Orson Welles directed and starred in this 1947 Film Noir classic as Irishman Michael O'Hara, who meets the beautiful Elsa, the titular Lady (Rita Hayworth), after saving her from muggers in Central Park. She offers him a job aboard her yacht, but things soon take a turn for the worse when Micheal gets involved in a plot to help a man fake his death.

Tropes appearing in this film include:

  • Amusement Park: Where the climax occurs, in the hall of mirrors.
  • Chekhov's Skill / Foreshadowing: Elsa mentions that she grew up in China, the daughter of White Russian exiles (hence the title). After O'Hara escapes from the courthouse, he winds up in Chinatown, and Elsa talks to some of her Chinese hoodlum friends to get him away from the cops.
  • Death Faked for You: It doesn't work.
  • Droste Image: In the iconic hall of mirrors sequence, as shown in the image on this page.
  • Dyeing for Your Art: Hayworth, famous for her luxuriant red hair, got a short haircut and went platinum blonde for this movie.
  • Executive Meddling: As was often the case with Welles' work. The original cut ran around 155 minutes (including a much-extended funhouse climax) and had a much different musical score (the Hall of Mirrors segment was intended to play entirely without music). Studio execs ended up cutting almost half the runtime and commissioning a jazzy score designed to underline the action.

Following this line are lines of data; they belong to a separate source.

lemma card_V_le_card_E: "card V \<le> card E"
proof -
  have h3: "real (card V) \<ge> 3" and k3: "real (card E) \<ge> 3"
    using card_ge_3 by auto
  show ?thesis
  proof (cases "\<exists>e1\<in>E. \<exists>e2\<in>E. e1 \<noteq> e2 \<and> e1 \<inter> e2 \<noteq> {}")
    case True
    then obtain e1 e2 where e: "e1 \<in> E" "e2 \<in> E" "e1 \<noteq> e2" "e1 \<inter> e2 \<noteq> {}" by blast
    have "card (e1 \<union> e2) = 3"
      using card_Un_of_card_2[of e1 e2] e simple unfolding simple_graph_def by simp
    then have "1 < (real (card E) - 1) / (real (card V) - 2)"
      using d2_gt_two_edges[OF e(1-3)] unfolding d2_def by simp
    then show ?thesis using h3 by (simp add: field_simps)
  next
    case False
    then have "pairwise disjnt E" unfolding pairwise_def disjnt_def by blast
    then have "card (\<Union>E) = 2 * card E"
      using simple card_Union_disjoint[of E] unfolding simple_graph_def
      by (simp add: card_ge_0_finite)
    moreover have "card (\<Union>E) \<le> card V"
      using simple unfolding simple_graph_def by (intro card_mono) auto
    moreover obtain e1 e2 where e: "e1 \<in> E" "e2 \<in> E" "e1 \<noteq> e2"
    proof -
      have "\<not> card E \<le> Suc 0" using card_ge_3(2) by simp
      then show ?thesis using that card_le_Suc0_iff_eq[OF simple_graph_finite_edges[OF simple]] by blast
    qed
    moreover from e have "card (e1 \<union> e2) = 4"
      using card_Un_of_card_2[of e1 e2] False simple unfolding simple_graph_def by auto
    ultimately have "1 / 2 < (real (card E) - 1) / (real (card V) - 2)" "2 * card E \<le> card V"
      using d2_gt_two_edges[OF e] unfolding d2_def by simp_all
    then show ?thesis using h3 by (simp add: field_simps)
  qed
qed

  • Faking the Dead: Grigsby's plot. Subverted — he certainly succeeds on the "dead" end of things, but the "fake" is entirely lacking.
  • Femme Fatale: Elsa
  • Film Noir
  • Film of the Book: Actually based on the novel If I Die Before I Wake by Sherwood King.
  • Frame-Up: Grigsby tells O'Hara that he wants to fake his own death in order to collect on insurance and get away. Actually Grigsby's plan is to kill Bannister and frame O'Hara for it.

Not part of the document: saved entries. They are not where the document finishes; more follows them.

text \<open>
  Modulo \<open>I\<^sub>p\<close> the commutators \<open>[y\<^sub>a,y\<^sub>b]\<close> and the Jordan products \<open>z\<^sub>a \<circ> z\<^sub>b\<close> are
  central, and \<open>[y\<^sub>a,z\<^sub>b]\<close> anticommutes with every \<open>z\<^sub>c\<close>.  A \<open>Y\<close>-proper polynomial is a
  linear combination of products of the atoms \<open>z\<^sub>c\<close>, \<open>[y\<^sub>a,y\<^sub>b]\<close>, \<open>[y\<^sub>a,z\<^sub>b]\<close>, and
  multiplying \<open>h \<cdot> z\<^sub>k\<^sub>1\<cdots>z\<^sub>k\<^sub>q\<close> on the right by an atom gives again a combination of such
  polynomials: \<open>[y\<^sub>a,y\<^sub>b]\<close> is absorbed into \<open>h\<close>, and so is \<open>[y\<^sub>a,z\<^sub>b]\<close> after moving it past
  the \<open>z\<close>'s at the cost of a sign; a repeated \<open>z\<^sub>c z\<^sub>c\<close> becomes \<open>\<onehalf> z\<^sub>c \<circ> z\<^sub>c\<close>, which is
  absorbed as well, and an out-of-order \<open>z\<^sub>k z\<^sub>c\<close> is rewritten as \<open>z\<^sub>c \<circ> z\<^sub>k - z\<^sub>c z\<^sub>k\<close>.

  The enlarged \<open>h\<close> is then normalised.  By the identities (5)--(7) it is symmetric in
  its \<open>z\<close>-arguments and alternating in its \<open>y\<close>-arguments, so its indices can be sorted,
  and a repeated \<open>y\<close> kills it because \<open>2 \<noteq> 0\<close>.  If some \<open>z\<^sub>c\<close> occurs \<open>p\<close> times, the
  \<open>z\<close>-arguments can be rearranged so that these occurrences form the left-hand side of
  identity (8) or (9), and \<open>h\<close> vanishes.
\<close>

section \<open>Substitution in the free algebra\<close>

lemma letters_plus[simp]: "letters (a + b) = letters a @ letters b"
  by (cases a; cases b) simp
lemma letters_zero[simp]: "letters 0 = []" by (simp add: zero_word_def)
lemma Word_letters[simp]: "Word (letters w) = w" by (cases w) simp

lemma const_0[simp]: "const 0 = 0" by (simp add: const_def)
lemma const_1[simp]: "const 1 = 1"
  by (simp add: const_def zero_word_def[symmetric])
lemma const_add: "const (a+b) = const a + const b" by (simp add: const_def single_add)
lemma const_mult: "const (a*b) = const a * const b"
  by (simp add: const_def mult_single zero_word_def)
lemma const_uminus: "const (-a) = - const a" by (simp add: const_def single_uminus)

lemma update_eq_add_single:
  "a \<notin> Poly_Mapping.keys f \<Longrightarrow> Poly_Mapping.update a b f = f + Poly_Mapping.single a b"
  by (rule poly_mapping_eqI) (auto simp: lookup_update lookup_add lookup_single in_keys_iff when_def)

lemma poly_mapping_add_single_induct[case_names zero add]:
  assumes "P 0" "\<And>f w c. P f \<Longrightarrow> P (f + Poly_Mapping.single w c)"
  shows "P x"
proof (induction x rule: update_induct)
  case const then show ?case using assms(1) .
next
  case (update f a b) then show ?case using assms(2) update_eq_add_single by metis
qed

lemma const_comm: "const c * x = x * (const c :: 'k::comm_ring_1 fa)"
proof (induction x rule: poly_mapping_add_single_induct)
  case zero then show ?case by simp
next
  case (add f w d)
  have "const c * Poly_Mapping.single w d = Poly_Mapping.single w d * const c"
    by (cases w) (simp add: const_def mult_single mult.commute)
  then show ?case using add by (simp add: algebra_simps)
qed

lemma mult_const_left_commute: "x * (const c * y) = const c * (x * (y :: 'k::comm_ring_1 fa))"
proof -
  have "x * const c = const c * x" by (rule const_comm[symmetric])
  then show ?thesis by (metis mult.assoc)
qed

lemma prod_var: "prod_list (map var vs) = (Poly_Mapping.single (Word vs) 1 :: 'k::ring_1 fa)"
  by (induction vs) (auto simp: var_def mult_single zero_word_def[symmetric])

lemma subst_eq_sum:
  assumes "finite S" "Poly_Mapping.keys f \<subseteq> S"
  shows "subst \<sigma> f = (\<Sum>w\<in>S. const (Poly_Mapping.lookup f w) * prod_list (map \<sigma> (letters w)))"
  unfolding subst_def
  by (rule sum.mono_neutral_left) (use assms in \<open>auto simp: in_keys_iff\<close>)

lemma subst_add: "subst \<sigma> (f + g) = subst \<sigma> f + subst \<sigma> (g :: 'k::ring_1 fa)"
proof -
  let ?S = "Poly_Mapping.keys f \<union> Poly_Mapping.keys g \<union> Poly_Mapping.keys (f+g)"
  have "subst \<sigma> (f+g) = (\<Sum>w\<in>?S. const (Poly_Mapping.lookup (f+g) w) * prod_list (map \<sigma> (letters w)))"
    by (rule subst_eq_sum) auto
  also have "\<dots> = (\<Sum>w\<in>?S. const (Poly_Mapping.lookup f w) * prod_list (map \<sigma> (letters w)))
     + (\<Sum>w\<in>?S. const (Poly_Mapping.lookup g w) * prod_list (map \<sigma> (letters w)))"
    by (simp add: lookup_add const_add distrib_right sum.distrib)
  also have "\<dots> = subst \<sigma> f + subst \<sigma> g"
  proof -
    have "subst \<sigma> f = (\<Sum>w\<in>?S. const (Poly_Mapping.lookup f w) * prod_list (map \<sigma> (letters w)))"
      by (rule subst_eq_sum) auto
    moreover have "subst \<sigma> g = (\<Sum>w\<in>?S. const (Poly_Mapping.lookup g w) * prod_list (map \<sigma> (letters w)))"
      by (rule subst_eq_sum) auto
    ultimately show ?thesis by simp
  qed
  finally show ?thesis .
qed

lemma subst_zero[simp]: "subst \<sigma> 0 = 0" by (simp add: subst_def)

lemma subst_single: "subst \<sigma> (Poly_Mapping.single w c) = const c * prod_list (map \<sigma> (letters w))"
  by (subst subst_eq_sum[of "{w}"]) auto

lemma subst_mult: "subst \<sigma> (f * g) = subst \<sigma> f * subst \<sigma> (g :: 'k::comm_ring_1 fa)"
proof (induction f rule: poly_mapping_add_single_induct)
  case zero then show ?case by simp
next
  case (add f w c)
  have "subst \<sigma> (Poly_Mapping.single w c * g) = subst \<sigma> (Poly_Mapping.single w c) * subst \<sigma> g"
  proof (induction g rule: poly_mapping_add_single_induct)
    case zero then show ?case by simp
  next
    case (add g u d)
    have "subst \<sigma> (Poly_Mapping.single w c * Poly_Mapping.single u d)
       = const c * prod_list (map \<sigma> (letters w)) * (const d * prod_list (map \<sigma> (letters u)))"
    proof -
      have "const d * prod_list (map \<sigma> (letters w)) = prod_list (map \<sigma> (letters w)) * const d"
        by (rule const_comm)
      then show ?thesis by (simp add: mult_single subst_single const_mult) (metis mult.assoc)
    qed
    then show ?case using add by (simp add: distrib_left subst_add subst_single)
  qed
  then show ?case using add by (simp add: distrib_right subst_add)
qed

lemma subst_uminus: "subst \<sigma> (- f) = - subst \<sigma> (f :: 'k::ring_1 fa)"
  using subst_add[of \<sigma> f "-f"] by (simp add: eq_neg_iff_add_eq_0 add.commute)
lemma subst_diff: "subst \<sigma> (f - g) = subst \<sigma> f - subst \<sigma> (g :: 'k::ring_1 fa)"
  using subst_add[of \<sigma> f "-g"] by (simp add: subst_uminus)
lemma subst_const[simp]: "subst \<sigma> (const c) = const c"
  by (simp add: const_def subst_single)
lemma subst_one[simp]: "subst \<sigma> (1 :: 'k::ring_1 fa) = 1"
  using subst_const[of \<sigma> "1::'k"] by simp
lemma subst_var[simp]: "subst \<sigma> (var v) = \<sigma> v"
  by (simp add: var_def subst_single)
lemma subst_prod_list: "subst \<sigma> (prod_list xs) = prod_list (map (subst \<sigma>) (xs :: 'k::comm_ring_1 fa list))"
  by (induction xs) (auto simp: subst_mult)
lemma subst_power: "subst \<sigma> (x ^ n) = subst \<sigma> (x :: 'k::comm_ring_1 fa) ^ n"
  by (induction n) (auto simp: subst_mult)
lemma subst_comm[simp]: "subst \<sigma> (comm a b) = comm (subst \<sigma> a) (subst \<sigma> (b :: 'k::comm_ring_1 fa))"
  by (simp add: comm_def subst_diff subst_mult)
lemma subst_jord[simp]: "subst \<sigma> (jord a b) = jord (subst \<sigma> a) (subst \<sigma> (b :: 'k::comm_ring_1 fa))"
  by (simp add: jord_def subst_add subst_mult)
lemma subst_id: "subst var f = (f :: 'k::comm_ring_1 fa)"
proof (induction f rule: poly_mapping_add_single_induct)
  case (add f w c)
  have "const c * Poly_Mapping.single w 1 = Poly_Mapping.single w c"
    by (cases w) (simp add: const_def mult_single)
  then show ?case using add by (simp add: subst_add subst_single prod_var)
qed simp

lemma comm_add_right: "comm c (a + b) = comm c a + comm c (b :: 'a::ring)"
  by (simp add: comm_def algebra_simps)
lemma comm_sum_right: "comm c (sum f S) = (\<Sum>x\<in>S. comm c (f x :: 'a::ring))"
proof (induction S rule: infinite_finite_induct)
  case (insert x F) then show ?case by (simp add: comm_add_right)
qed (auto simp: comm_def)
lemma comm_antisym: "comm a b = - comm b (a :: 'a::ring)" by (simp add: comm_def)
lemma jord_commute: "jord a b = jord b (a :: 'a::ring)" by (simp add: jord_def add.commute)

lemma jord_same: "jord (x::'k::comm_ring_1 fa) x = const 2 * x ^ 2"
proof -
  have "const (2::'k) = 1 + 1" by (simp only: one_add_one[symmetric] const_add const_1)
  then show ?thesis unfolding jord_def power2_eq_square by (simp only: distrib_right mult_1_left)
qed

abbreviation prod_upto :: "(nat \<Rightarrow> 'a::monoid_mult) \<Rightarrow> nat \<Rightarrow> 'a" where
  "prod_upto f m \<equiv> prod_list (map f [0..<m])"

lemma prod_upto_split: "a \<le> b \<Longrightarrow> prod_upto f b = prod_upto f a * prod_list (map f [a..<b])"
proof -
  assume "a \<le> b"
  then have "[0..<b] = [0..<a] @ [a..<b]" using upt_add_eq_append[of 0 a "b-a"] by simp
  then show ?thesis by simp
qed

lemma prod_upto_split1: "t < m \<Longrightarrow> prod_upto f m = prod_upto f t * f t * prod_list (map f [Suc t..<m])"
proof -
  assume "t < m"
  then have "[0..<m] = [0..<t] @ [t..<m]" using upt_add_eq_append[of 0 t "m-t"] by simp
  also have "[t..<m] = t # [Suc t..<m]" using \<open>t < m\<close> by (simp add: upt_conv_Cons)
  finally have "[0..<m] = [0..<t] @ t # [Suc t..<m]" .
  then show ?thesis by (simp add: mult.assoc)
qed

lemma prod_upto_split2: "Suc t < m \<Longrightarrow> prod_upto f m = prod_upto f t * (f t * f (Suc t)) * prod_list (map f [Suc (Suc t)..<m])"
proof -
  assume "Suc t < m"
  then have "[0..<m] = [0..<t] @ [t..<m]" using upt_add_eq_append[of 0 t "m-t"] by simp
  also have "[t..<m] = t # Suc t # [Suc (Suc t)..<m]" using \<open>Suc t < m\<close> by (simp add: upt_conv_Cons)
  finally have "[0..<m] = [0..<t] @ t # Suc t # [Suc (Suc t)..<m]" .
  then show ?thesis by (simp add: mult.assoc)
qed

lemma prod_upto_Suc: "prod_upto f (Suc m) = prod_upto f m * f m" by simp
lemma prod_upto_Suc_shift: "prod_upto f (Suc m) = f 0 * prod_upto (\<lambda>t. f (Suc t)) m"
  by (induction m) (simp_all add: mult.assoc[symmetric])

  • Genre Savvy: Michael is almost acutely aware that something bad awaits him if he goes along with Elsa and her husband. He's even tries to get hired on the first merchant ship leaving New York just to avoid being pulled into it. It's only the promise a very nice paycheck that causes him to reconsider and even then he's still leery about it.
  • Hall of Mirrors: Trope Codifier. Probably not the Trope Maker as this trope was used for comic effect by Charlie Chaplin in The Circus some 20 years before.
  • Mutual Kill: Elsa and her husband shoot each other.
  • Ooh, Me Accent's Slipping: Welles struggles with an Irish accent.
  • Ugly Guy, Hot Wife: Rita Hayworth, married on-screen to gnome-like Everettt Sloane.
  • Unspoken Plan Guarantee: The audience knows how they are going to try to fake Grisby's death. Even though it's not the whole story, it doesn't go quite as planned.
  • Your Cheating Heart: Ironically, Michael knows how dangerous this is. He even remarks "I didn't like my girlfriends to have husbands"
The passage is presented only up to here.